### What the task asks
Pull each line with the string "assumes" from the entries.

Saved data entries
(* Let $(X,d_X)$ and $(Y,d_Y)$ be separable metric spaces such that $d_X$ is an ultrametric. For every $f: X\to Y$ the following are equivalent: (i) $f$ is of Baire class $1$; (ii) $f$ is the pointwise limit of a sequence of $\omega$-full functions; (iii) $f$ is the pointwise limit of a sequence of Lipschitz functions; (iv) $f$ is the pointwise limit of a sequence of uniformly continuous functions.
   Context: Work in ZF plus countable choice over the reals. A function $f:X\to Y$ is of Baire class $1$ if $f^{-1}(U)\in\mathbf{\Sigma}^0_2(X)$ for every open $U\subseteq Y$. A set $A\subseteq X$ is full with constant $r>0$ if $B(x,r)=\{y\in X:d_X(x,y)<r\}\subseteq A$ for every $x\in A$. A function $f:X\to Y$ is $\omega$-full if it has at most countably many values and there is a fixed $r>0$ such that the preimage of each value is a full set with constant $r$. A function $g:X\to Y$ is Lipschitz if there is $L>0$ with $d_Y(g(x),g(x'))\le L\, d_X(x,x')$ for all $x,x'\in X$. *)

theory Defs
  imports "HOL-Analysis.Analysis"
begin

definition ultrametric :: "'a metric \<Rightarrow> bool" where
  "ultrametric m \<longleftrightarrow>
     (\<forall>x\<in>mspace m. \<forall>y\<in>mspace m. \<forall>z\<in>mspace m.
        mdist m x z \<le> max (mdist m x y) (mdist m y z))"

definition baire_class_1 :: "'a metric \<Rightarrow> 'b metric \<Rightarrow> ('a \<Rightarrow> 'b) \<Rightarrow> bool" where
  "baire_class_1 mX mY f \<longleftrightarrow>
     f \<in> mspace mX \<rightarrow> mspace mY \<and>
     (\<forall>U. openin (mtopology_of mY) U \<longrightarrow>
        fsigma_in (mtopology_of mX) {x \<in> mspace mX. f x \<in> U})"

definition full_set :: "'a metric \<Rightarrow> 'a set \<Rightarrow> real \<Rightarrow> bool" where
  "full_set mX A r \<longleftrightarrow> A \<subseteq> mspace mX \<and> (\<forall>x\<in>A. mball_of mX x r \<subseteq> A)"

definition omega_full :: "'a metric \<Rightarrow> 'b metric \<Rightarrow> ('a \<Rightarrow> 'b) \<Rightarrow> bool" where
  "omega_full mX mY f \<longleftrightarrow>
     f \<in> mspace mX \<rightarrow> mspace mY \<and>
     countable (f ` mspace mX) \<and>
     (\<exists>r>0. \<forall>y\<in>f ` mspace mX. full_set mX {x \<in> mspace mX. f x = y} r)"

definition pointwise_limit :: "'a metric \<Rightarrow> 'b metric \<Rightarrow> (nat \<Rightarrow> 'a \<Rightarrow> 'b) \<Rightarrow> ('a \<Rightarrow> 'b) \<Rightarrow> bool" where
  "pointwise_limit mX mY g f \<longleftrightarrow>
     (\<forall>x\<in>mspace mX. limitin (mtopology_of mY) (\<lambda>n. g n x) (f x) sequentially)"

end

theory Submission
  imports Defs
begin

text \<open>
  Since preimages of balls are \<open>F\<^sub>\<sigma>\<close>, for each precision
  \<open>1/(n+1)\<close> the space \<open>X\<close> is covered by countably many closed sets \<open>C n j\<close> on which \<open>f\<close>
  stays within \<open>1/(n+1)\<close> of a point \<open>w n j\<close> of a dense sequence. For the ball \<open>B\<close> of radius
  \<open>1/(N+1)\<close> around \<open>x\<close>, take for each \<open>n\<close> the centre of the first \<open>C n j\<close> met by \<open>B\<close>; as \<open>N\<close>
  grows this is eventually the first \<open>C n j\<close> containing \<open>x\<close>, because closed sets missing \<open>x\<close>
  eventually miss \<open>B\<close>. A diagonal choice over \<open>n\<close> then converges to \<open>f x\<close>. In an
  ultrametric space balls of equal radius either coincide or are disjoint, so these
  approximants are constant on all balls of radius \<open>1/(N+1)\<close>, i.e. \<open>\<omega>\<close>-full.

  Truncating an \<open>\<omega>\<close>-full function to the ball of radius \<open>n\<close> about a fixed point makes it
  Lipschitz without spoiling pointwise convergence. Finally a pointwise limit of continuous
  maps is of Baire class 1, as \<open>f\<^sup>-\<^sup>1(U) = \<Union>\<^sub>m\<^sub>,\<^sub>k \<Inter>\<^sub>n\<^sub>\<ge>\<^sub>k g\<^sub>n\<^sup>-\<^sup>1{y. d(y, Y - U) \<ge> 1/(m+1)}\<close>.
\<close>

lemma eventually_one_over_Suc_less:
  "0 < (\<delta>::real) \<Longrightarrow> eventually (\<lambda>N. 1 / real (Suc N) < \<delta>) sequentially"
  using order_tendstoD(2)[OF LIMSEQ_inverse_real_of_nat] by (simp add: inverse_eq_divide)

lemma mdist_self [simp]: "x \<in> mspace m \<Longrightarrow> mdist m x x = 0"
  by (rule Metric_space.mdist_zero[OF Metric_space_mspace_mdist])

lemma limitin_mtopology_of_sequentially:
  "limitin (mtopology_of m) s l sequentially \<longleftrightarrow>
     l \<in> mspace m \<and> (\<forall>\<epsilon>>0. \<exists>N. \<forall>n\<ge>N. s n \<in> mspace m \<and> mdist m (s n) l < \<epsilon>)"
  by (simp add: mtopology_of_def Metric_space.limit_metric_sequentially[OF Metric_space_mspace_mdist])

lemma openin_mtopology_of:
  "openin (mtopology_of m) U \<longleftrightarrow> U \<subseteq> mspace m \<and> (\<forall>x\<in>U. \<exists>r>0. mball_of m x r \<subseteq> U)"
  by (auto simp: mtopology_of_def mball_of_def Metric_space.openin_mtopology[OF Metric_space_mspace_mdist])

lemma closedin_mtopology_of:
  "closedin (mtopology_of m) C \<longleftrightarrow>
     C \<subseteq> mspace m \<and> (\<forall>x\<in>mspace m - C. \<exists>r>0. disjnt C (mball_of m x r))"
  by (auto simp: mtopology_of_def mball_of_def Metric_space.closedin_metric[OF Metric_space_mspace_mdist])

lemma openin_mball_of: "openin (mtopology_of m) (mball_of m x r)"
  by (simp add: mtopology_of_def mball_of_def Metric_space.openin_mball[OF Metric_space_mspace_mdist])

lemma closedin_mdist_ge_set:
  assumes "S \<subseteq> mspace m"
  shows "closedin (mtopology_of m) {y \<in> mspace m. \<forall>z\<in>S. e \<le> mdist m y z}"
proof -
  have "closedin (mtopology_of m) {y \<in> topspace (mtopology_of m). mdist m y z \<in> {e..}}"
    if "z \<in> S" for z
    using that assms
    by (intro closedin_continuous_map_preimage[where Y=euclidean] continuous_map_mdist) auto
  moreover have eq: "{y \<in> mspace m. \<forall>z\<in>S. e \<le> mdist m y z} =
      \<Inter> (insert (mspace m) ((\<lambda>z. {y \<in> topspace (mtopology_of m). mdist m y z \<in> {e..}}) ` S))"
    by auto
  ultimately show ?thesis
    unfolding eq by (intro closedin_Inter) (auto intro: closedin_topspace[of "mtopology_of m", simplified])
qed

lemma baire_class_1_pointwise_limit_continuous:
  assumes cont: "\<And>n. continuous_map (mtopology_of mX) (mtopology_of mY) (g n)"
    and lim: "pointwise_limit mX mY g f"
    and f: "f \<in> mspace mX \<rightarrow> mspace mY"
  shows "baire_class_1 mX mY f"
  unfolding baire_class_1_def
proof (intro conjI allI impI)
  show "f \<in> mspace mX \<rightarrow> mspace mY" by fact
  fix U assume U: "openin (mtopology_of mY) U"
  define F where "F m = {y \<in> mspace mY. \<forall>z\<in>mspace mY - U. 1 / Suc m \<le> mdist mY y z}" for m :: nat
  define S where "S m k = (\<Inter>n\<in>{k..}. {x \<in> mspace mX. g n x \<in> F m})" for m k :: nat
  have closed: "closedin (mtopology_of mX) (S m k)" for m k
    using closedin_continuous_map_preimage[OF cont closedin_mdist_ge_set[of "mspace mY - U"]]
    by (auto simp: S_def F_def intro!: closedin_Inter)
  have eq: "{x \<in> mspace mX. f x \<in> U} = (\<Union>(m, k). S m k)"
  proof (intro equalityI subsetI)
    fix x assume x: "x \<in> {x \<in> mspace mX. f x \<in> U}"
    then have fx: "f x \<in> mspace mY" using f by auto
    obtain e where e: "e > 0" "mball_of mY (f x) e \<subseteq> U"
      using U x unfolding openin_mtopology_of by blast
    obtain m where m: "2 / Suc m < e"
      using eventually_happens'[OF _ eventually_one_over_Suc_less[of "e/2"]] e by auto
    obtain k where k: "\<forall>n\<ge>k. g n x \<in> mspace mY \<and> mdist mY (g n x) (f x) < 1 / Suc m"
      using lim x unfolding pointwise_limit_def limitin_mtopology_of_sequentially by force
    have "g n x \<in> F m" if n: "n \<ge> k" for n
      unfolding F_def
    proof (intro CollectI conjI ballI)
      fix z assume z: "z \<in> mspace mY - U"
      then have "e \<le> mdist mY (f x) z" using e fx by (force simp: not_less)
      moreover have "mdist mY (f x) z \<le> mdist mY (f x) (g n x) + mdist mY (g n x) z"
        using fx z k n by (intro mdist_triangle) auto
      ultimately show "1 / Suc m \<le> mdist mY (g n x) z"
        using k n m by (auto simp: mdist_commute)
    qed (use k n in auto)
    then show "x \<in> (\<Union>(m, k). S m k)" using x by (auto simp: S_def)
  next
    fix x assume "x \<in> (\<Union>(m, k). S m k)"
    then obtain m k where x: "x \<in> mspace mX" and gF: "\<And>n. n \<ge> k \<Longrightarrow> g n x \<in> F m"
      by (auto simp: S_def)
    obtain N where N: "\<forall>n\<ge>N. g n x \<in> mspace mY \<and> mdist mY (g n x) (f x) < 1 / Suc m"
      using lim x unfolding pointwise_limit_def limitin_mtopology_of_sequentially by force
    have "1 / Suc m > mdist mY (g (max N k) x) (f x)" using N by simp
    then have "f x \<in> U" using gF[of "max N k"] f x by (force simp: F_def)
    then show "x \<in> {x \<in> mspace mX. f x \<in> U}" using x by blast
  qed
  show "fsigma_in (mtopology_of mX) {x \<in> mspace mX. f x \<in> U}"
    unfolding eq by (intro fsigma_in_Union) (auto intro: closed_imp_fsigma_in closed)
qed

lemma ultrametric_mball_of_eq:
  assumes "ultrametric m" and "z \<in> mball_of m x r"
  shows "mball_of m z r = mball_of m x r"
proof -
  have sub: "mball_of m a r \<subseteq> mball_of m b r" if "b \<in> mball_of m a r" for a b
  proof
    fix v assume v: "v \<in> mball_of m a r"
    then have "mdist m b v \<le> max (mdist m b a) (mdist m a v)"
      using assms(1) that unfolding ultrametric_def in_mball_of by blast
    then show "v \<in> mball_of m b r" using v that by (simp add: mdist_commute max_def split: if_splits)
  qed
  have "x \<in> mball_of m z r" using assms(2) by (auto simp: mdist_commute)
  then show ?thesis using sub assms(2) by (intro equalityI) simp_all
qed

lemma omega_full_iff_uniformly_locally_constant:
  "omega_full mX mY g \<longleftrightarrow>
     g \<in> mspace mX \<rightarrow> mspace mY \<and> countable (g ` mspace mX) \<and>
     (\<exists>r>0. \<forall>x\<in>mspace mX. \<forall>z\<in>mball_of mX x r. g z = g x)"
proof -
  have "(\<forall>y\<in>g ` mspace mX. full_set mX {x \<in> mspace mX. g x = y} r) \<longleftrightarrow>
          (\<forall>x\<in>mspace mX. \<forall>z\<in>mball_of mX x r. g z = g x)" for r
  proof
    assume "\<forall>y\<in>g ` mspace mX. full_set mX {x \<in> mspace mX. g x = y} r"
    then show "\<forall>x\<in>mspace mX. \<forall>z\<in>mball_of mX x r. g z = g x"
      unfolding full_set_def by blast
  next
    assume "\<forall>x\<in>mspace mX. \<forall>z\<in>mball_of mX x r. g z = g x"
    then show "\<forall>y\<in>g ` mspace mX. full_set mX {x \<in> mspace mX. g x = y} r"
      unfolding full_set_def by fastforce
  qed
  then show ?thesis unfolding omega_full_def by simp
qed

### Response area
  assumes "S \<subseteq> mspace m"
  assumes cont: "\<And>n. continuous_map (mtopology_of mX) (mtopology_of mY) (g n)"
  assumes "ultrametric m" and "z \<in> mball_of m x r"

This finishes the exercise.